### What is expected
In the entries below, find every line holding the string "False" and collect it.

### Exercise data
(* Let $(V,E,c,p)$ be a PCSTP instance with potential terminals $T_p=\{t_1,\dots,t_s\}$ and let $(V',A',T',c',r')$ be the SAP obtained from it by Transformation 1 (see context), with $M=\sum_{t\in T_p}p(t)$. Let $\tilde{\mathcal U}\subseteq\{U\subset V': r'\notin U,\ U\cap T'\neq\emptyset\}$ and consider the LP $$\min\ c'^Tx-M\quad\text{s.t.}\quad x(\delta^-(U))\ge 1\ \ (U\in\tilde{\mathcal U}),\qquad 0\le x(a)\le 1\ \ (a\in A').$$ Let $\tilde L$ be its optimal value, let $\pi\ge0$ be an optimal dual solution for the constraints indexed by $\tilde{\mathcal U}$, and let $\tilde c(a):=c'(a)-\sum_{U\in\tilde{\mathcal U}:\,a\in\delta^-(U)}\pi_U$ be the reduced costs. Let $B$ be an upper bound on the cost $C$ of an optimal solution of the PCSTP instance. Let $t_i\in T_p$ and let $\bar T_i\subseteq T_p$ be such that, for every optimal solution $S$ of the PCSTP instance, $V(S)\cap\bar T_i\neq\emptyset$ implies $t_i\in V(S)$. If $$\sum_{j:\ t_j\in\bar T_i}\tilde c\big((v_0',t_j')\big)+\tilde L> B,$$ then $t_i$ is contained in every optimal solution of the PCSTP instance.
   Context: A PCSTP instance $(V,E,c,p)$: finite undirected connected graph, $c:E\to\mathbb{Q}_{>0}$, $p:V\to\mathbb{Q}_{\ge0}$; for a tree $S$ (connected acyclic subgraph with at least one vertex) $C(S):=\sum_{e\in E(S)}c(e)+\sum_{v\in V\setminus V(S)}p(v)$; optimal solutions minimize $C$; $T_p:=\{v:p(v)>0\}$. A Steiner arborescence problem (SAP) $(V',A',T',c',r')$: digraph $(V',A')$, costs $c'\ge0$, terminals $T'$, root $r'\in T'$; for $U\subseteq V'$, $\delta^-(U)$ is the set of arcs entering $U$, and $x(F):=\sum_{a\in F}x(a)$. Transformation 1 (PCSTP to SAP): set $V':=V$, $A':=\{(v,w),(w,v):\{v,w\}\in E\}$ with $c'((v,w)):=c(\{v,w\})$; $M:=\sum_{t\in T_p}p(t)$; add new vertices $r'$ and $v_0'$; for each $i=1,\dots,s$: add arc $(r',t_i)$ of cost $M$, add a new vertex $t_i'$, add arcs $(t_i,v_0')$ and $(t_i,t_i')$ of cost $0$, and add arc $(v_0',t_i')$ of cost $p(t_i)$. Terminals $T':=\{t_1',\dots,t_s'\}\cup\{r'\}$, root $r'$. *)

theory Defs
  imports Complex_Main
begin

definition pcstp_instance ::
  "'v set \<Rightarrow> 'v set set \<Rightarrow> ('v set \<Rightarrow> real) \<Rightarrow> ('v \<Rightarrow> real) \<Rightarrow> bool" where
  "pcstp_instance V E c p \<longleftrightarrow>
     finite V \<and> V \<noteq> {} \<and>
     (\<forall>e\<in>E. \<exists>v w. v \<in> V \<and> w \<in> V \<and> v \<noteq> w \<and> e = {v, w}) \<and>
     (\<forall>u\<in>V. \<forall>w\<in>V. (u, w) \<in> {(a, b). {a, b} \<in> E}\<^sup>*) \<and>
     (\<forall>e\<in>E. c e \<in> \<rat> \<and> c e > 0) \<and>
     (\<forall>v\<in>V. p v \<in> \<rat> \<and> p v \<ge> 0)"
(* For every $s\in[0,1]$ there is a constant $C$ such that for all $f\in H^1$ and all $\varepsilon\in(0,1)$ with $\varepsilon^{-1}\in\mathbb{N}$, $$\big\|(1-\partial_x^2)^{-s/2}f^\varepsilon(1-\partial_x^2)^{s/2}\big\|_{L^2\to L^2}\le C\varepsilon^{-s}\|f\|_{H^1},$$ where $f^\varepsilon$ denotes the operator of multiplication by $f^\varepsilon(x)=f(x/\varepsilon)$.
   Context: Functions are $2\pi$-periodic; $L^2=L^2[0,2\pi]$ with inner product $\langle f,g\rangle=\frac1{2\pi}\int_0^{2\pi}f\bar g\,dx$ and norm $\|\cdot\|$; $\|f\|_{H^s}=\|(1-\partial_x^2)^{s/2}f\|$. *)

theory Defs
  imports "HOL-Analysis.Analysis"
begin

definition periodic2pi :: "(real \<Rightarrow> complex) \<Rightarrow> bool" where
  "periodic2pi u \<longleftrightarrow> (\<forall>x. u (x + 2 * pi) = u x)"

definition fcoeff :: "(real \<Rightarrow> complex) \<Rightarrow> int \<Rightarrow> complex" where
  "fcoeff u k = complex_of_real (1 / (2 * pi)) *
     (LINT x:{0..2*pi}|lebesgue. u x * exp (- (\<i> * of_int k * complex_of_real x)))"

definition in_L2 :: "(real \<Rightarrow> complex) \<Rightarrow> bool" where
  "in_L2 u \<longleftrightarrow> periodic2pi u \<and> u \<in> borel_measurable lebesgue \<and>
     set_integrable lebesgue {0..2*pi} (\<lambda>x. (cmod (u x))\<^sup>2)"

definition L2norm :: "(real \<Rightarrow> complex) \<Rightarrow> real" where
  "L2norm u = sqrt ((1 / (2 * pi)) * (LINT x:{0..2*pi}|lebesgue. (cmod (u x))\<^sup>2))"

text \<open>Sobolev norm: the L2 norm of (1 - d^2/dx^2)^{s/2} u, computed through the
  Fourier multiplier (1+k^2)^{s/2} and Parseval.\<close>
definition Hs_norm :: "real \<Rightarrow> (real \<Rightarrow> complex) \<Rightarrow> real" where
  "Hs_norm s u = sqrt (\<Sum>\<^sub>\<infinity>k\<in>(UNIV::int set). (1 + (real_of_int k)\<^sup>2) powr s * (cmod (fcoeff u k))\<^sup>2)"

definition Hs_summable :: "real \<Rightarrow> (real \<Rightarrow> complex) \<Rightarrow> bool" where
  "Hs_summable s u \<longleftrightarrow>
     (\<lambda>k::int. (1 + (real_of_int k)\<^sup>2) powr s * (cmod (fcoeff u k))\<^sup>2) summable_on UNIV"

definition in_H1 :: "(real \<Rightarrow> complex) \<Rightarrow> bool" where
  "in_H1 u \<longleftrightarrow> in_L2 u \<and> Hs_summable 1 u"

definition trig_poly :: "int set \<Rightarrow> (int \<Rightarrow> complex) \<Rightarrow> real \<Rightarrow> complex" where
  "trig_poly K a x = (\<Sum>k\<in>K. a k * exp (\<i> * of_int k * complex_of_real x))"

text \<open>(1 - d^2/dx^2)^{s/2} applied to the trigonometric polynomial trig_poly K a.\<close>
definition bessel_trig :: "real \<Rightarrow> int set \<Rightarrow> (int \<Rightarrow> complex) \<Rightarrow> real \<Rightarrow> complex" where
  "bessel_trig s K a x =
     (\<Sum>k\<in>K. complex_of_real ((1 + (real_of_int k)\<^sup>2) powr (s / 2)) * a k
              * exp (\<i> * of_int k * complex_of_real x))"

definition dilate :: "real \<Rightarrow> (real \<Rightarrow> complex) \<Rightarrow> real \<Rightarrow> complex" where
  "dilate \<epsilon> f x = f (x / \<epsilon>)"

end

theory Submission
  imports Defs
begin

(*
  Write eps = 1/n and w(k) = 1 + k^2.  Since f(n x) only has frequencies in nZ, the j-th Fourier
  coefficient of the product only involves the k in K with j = k + n m, and it is the sum of
  w(k)^(s/2) a_k fhat(m) over them.  Cauchy-Schwarz with the weights w(m) bounds its square by
  ||f||_{H^1}^2 times the sum of w(k)^s |a_k|^2 / w(m).  Peetre's inequality
  w(k)^s <= 2 w(j)^s + 2 n^(2s) w(m)^s and the interpolation bound u^s v^(1-s) <= u + v turn
  w(j)^(-s) w(k)^s / w(m) into O(n^(2s) (1/w(m) + 1/w(j))).  Summing over j then only uses that
  1/w is summable over Z, together with Parseval for the trigonometric polynomial.
*)

lemma powr_add_le_add_powr:
  fixes a b s :: real
  assumes "0 \<le> a" "0 \<le> b" "0 \<le> s" "s \<le> 1"
  shows "(a + b) powr s \<le> a powr s + b powr s"
proof (cases "a + b = 0")
  case True
  then show ?thesis using assms by auto
next
  case False
  have part: "c * (a + b) powr (s - 1) \<le> c powr s" if "0 \<le> c" "c \<le> a + b" for c
  proof (cases "c = 0")
    case False
    then have "c * (a + b) powr (s - 1) \<le> c * c powr (s - 1)"
      using that assms by (intro mult_left_mono powr_mono2') auto
    also have "\<dots> = c powr s" using False that by (simp add: powr_diff)
    finally show ?thesis .
  qed simp
  have "(a + b) powr s = (a + b) * (a + b) powr (s - 1)"
    using False assms by (simp add: powr_diff)
  also have "\<dots> = a * (a + b) powr (s - 1) + b * (a + b) powr (s - 1)"
    by (rule distrib_right)
  also have "\<dots> \<le> a powr s + b powr s"
    using assms by (intro add_mono part) auto
  finally show ?thesis .
qed

lemma powr_mult_powr_one_minus_le_add:
  fixes u v s :: real
  assumes "0 < u" "0 < v" "0 \<le> s" "s \<le> 1"
  shows "u powr s * v powr (1 - s) \<le> u + v"
proof -
  have "u powr s * v powr (1 - s) \<le> max u v powr s * max u v powr (1 - s)"
    using assms by (intro mult_mono powr_mono2) auto
  also have "\<dots> = max u v" using assms by (simp add: powr_add[symmetric])
  finally show ?thesis using assms by linarith
qed

definition weight :: "int \<Rightarrow> real" where
  "weight k = 1 + (real_of_int k)\<^sup>2"

lemma weight_ge_one: "1 \<le> weight k"
  by (simp add: weight_def)

lemma weight_pos [simp]: "0 < weight k" "0 \<le> weight k" "weight k \<noteq> 0"
  using weight_ge_one[of k] by auto

lemma weight_diff_le: "weight (j - c * m) \<le> 2 * weight j + 2 * (real_of_int c)\<^sup>2 * weight m"
proof -
  define x y z where "x = real_of_int j" and "y = real_of_int c" and "z = real_of_int m"
  have "(x - y * z)\<^sup>2 \<le> 2 * x\<^sup>2 + 2 * (y\<^sup>2 * z\<^sup>2)"
    using sum_squares_ge_zero[of "x + y * z" 0] by (simp add: power2_eq_square algebra_simps)
  moreover have "2 * (1 + x\<^sup>2) + 2 * y\<^sup>2 * (1 + z\<^sup>2) = 2 + 2 * x\<^sup>2 + 2 * y\<^sup>2 + 2 * (y\<^sup>2 * z\<^sup>2)"
    by (simp add: algebra_simps)
  moreover have "0 \<le> y\<^sup>2" by simp
  ultimately have "1 + (x - y * z)\<^sup>2 \<le> 2 * (1 + x\<^sup>2) + 2 * y\<^sup>2 * (1 + z\<^sup>2)"
    by linarith
  then show ?thesis
    unfolding weight_def x_def y_def z_def by simp
qed

lemma weight_powr_diff_le:
  fixes n :: nat and s :: real
  assumes "0 \<le> s" "s \<le> 1"
  shows "weight (j - int n * m) powr s \<le> 2 * weight j powr s + 2 * real n powr (2 * s) * weight m powr s"
proof -
  have "weight (j - int n * m) powr s \<le> (2 * weight j + 2 * (real n)\<^sup>2 * weight m) powr s"
    using weight_diff_le[of j "int n" m] assms by (intro powr_mono2) auto
  also have "\<dots> \<le> (2 * weight j) powr s + (2 * (real n)\<^sup>2 * weight m) powr s"
    using assms by (intro powr_add_le_add_powr) auto
  also have "\<dots> = 2 powr s * (weight j powr s + real n powr (2 * s) * weight m powr s)"
  proof -
    have "(real n)\<^sup>2 powr s = real n powr (2 * s)"
    proof (cases "n = 0")
      case False
      then have "(real n)\<^sup>2 = real n powr 2" by (simp add: powr_realpow)
      then show ?thesis by (simp only: powr_powr)
    qed simp
    then show ?thesis by (simp add: powr_mult distrib_left)
  qed
  also have "\<dots> \<le> 2 * (weight j powr s + real n powr (2 * s) * weight m powr s)"
    using powr_mono[of s 1 2] assms by (intro mult_right_mono) auto
  finally show ?thesis by (simp add: distrib_left mult.assoc)
qed

lemma weight_ratio_le:
  fixes n :: nat and s :: real
  assumes "1 \<le> n" "0 \<le> s" "s \<le> 1"
  shows "weight j powr (-s) * weight (j - int n * m) powr s / weight m
     \<le> 2 * real n powr (2 * s) * (2 / weight m + 1 / weight j)"
proof -
  define x y where "x = weight j" and "y = weight m"
  have x: "1 \<le> x" and y: "1 \<le> y" unfolding x_def y_def by (auto intro: weight_ge_one)
  have n_powr: "1 \<le> real n powr (2 * s)"
    using assms by (simp add: ge_one_powr_ge_zero)
  have "x powr (-s) * y powr s / y = (1 / x) powr s * (1 / y) powr (1 - s)"
    using x y by (simp add: powr_divide powr_minus_divide powr_diff)
  also have "\<dots> \<le> 1 / x + 1 / y"
    using x y assms by (intro powr_mult_powr_one_minus_le_add) auto
  finally have interpolation: "x powr (-s) * y powr s / y \<le> 1 / x + 1 / y" .
  have "x powr (-s) * weight (j - int n * m) powr s / y
      \<le> x powr (-s) * (2 * x powr s + 2 * real n powr (2 * s) * y powr s) / y"
    unfolding x_def y_def
    using weight_powr_diff_le[OF assms(2,3)] by (intro divide_right_mono mult_left_mono) auto
  also have "\<dots> = 2 / y + 2 * real n powr (2 * s) * (x powr (-s) * y powr s / y)"
    using x y by (simp add: field_simps powr_minus)
  also have "\<dots> \<le> 2 / y + 2 * real n powr (2 * s) * (1 / x + 1 / y)"
    using interpolation by (intro add_left_mono mult_left_mono) auto
  also have "\<dots> \<le> 2 * real n powr (2 * s) * (2 / y + 1 / x)"
    using mult_right_mono[OF n_powr, of "2 / y"] y by (simp add: algebra_simps)
  finally show ?thesis unfolding x_def y_def .
qed

lemma has_sum_sum:
  fixes f :: "'i \<Rightarrow> 'a \<Rightarrow> 'b::topological_comm_monoid_add"
  assumes "finite I" "\<And>i. i \<in> I \<Longrightarrow> (f i has_sum S i) A"
  shows "((\<lambda>x. \<Sum>i\<in>I. f i x) has_sum (\<Sum>i\<in>I. S i)) A"
  using assms by (induction I rule: finite_induct) (auto intro: has_sum_add)

lemma has_sum_dominated:
  fixes g h :: "'a \<Rightarrow> real"
  assumes "(h has_sum S) A" "\<And>x. x \<in> A \<Longrightarrow> 0 \<le> g x" "\<And>x. x \<in> A \<Longrightarrow> g x \<le> h x"
  shows "g summable_on A" "infsum g A \<le> S"
proof -
  show g: "g summable_on A"
    by (rule summable_on_comparison_test[OF has_sum_imp_summable[OF assms(1)]]) (use assms in auto)
  show "infsum g A \<le> S"
    by (rule has_sum_mono[OF has_sum_infsum[OF g] assms(1) assms(3)])
qed

lemma summable_on_inverse_weight: "(\<lambda>m. 1 / weight m) summable_on UNIV"
proof -
  have "summable (\<lambda>n::nat. 1 / (1 + (real n)\<^sup>2))"
  proof (rule summable_comparison_test'[OF inverse_power_summable[of 2]])
    fix n :: nat assume "1 \<le> n"
    then show "norm (1 / (1 + (real n)\<^sup>2)) \<le> inverse (of_nat n ^ 2)"
      by (simp add: divide_inverse le_imp_inverse_le)
  qed simp
  then have nat: "((\<lambda>m. 1 / weight m) \<circ> int) summable_on UNIV"
    by (simp add: o_def weight_def summable_on_UNIV_nonneg_real_iff)
  have pos: "(\<lambda>m. 1 / weight m) summable_on range int"
    using nat by (simp add: summable_on_reindex)
  have neg: "(\<lambda>m. 1 / weight m) summable_on range (\<lambda>n. - int n)"
    using nat by (subst summable_on_reindex) (auto simp: o_def inj_on_def weight_def)
  have "x = int (nat x) \<or> x = - int (nat (- x))" for x :: int
    by linarith
  then have "UNIV = range int \<union> range (\<lambda>n. - int n)"
    by blast
  then show ?thesis
    using summable_on_union[OF pos neg] by simp
qed

definition inverse_weight_sum :: real where
  "inverse_weight_sum = (\<Sum>\<^sub>\<infinity>m. 1 / weight m)"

### Result of this exercise
  case False
    case False
    also have "\<dots> = c powr s" using False that by (simp add: powr_diff)
    using False assms by (simp add: powr_diff)
      case False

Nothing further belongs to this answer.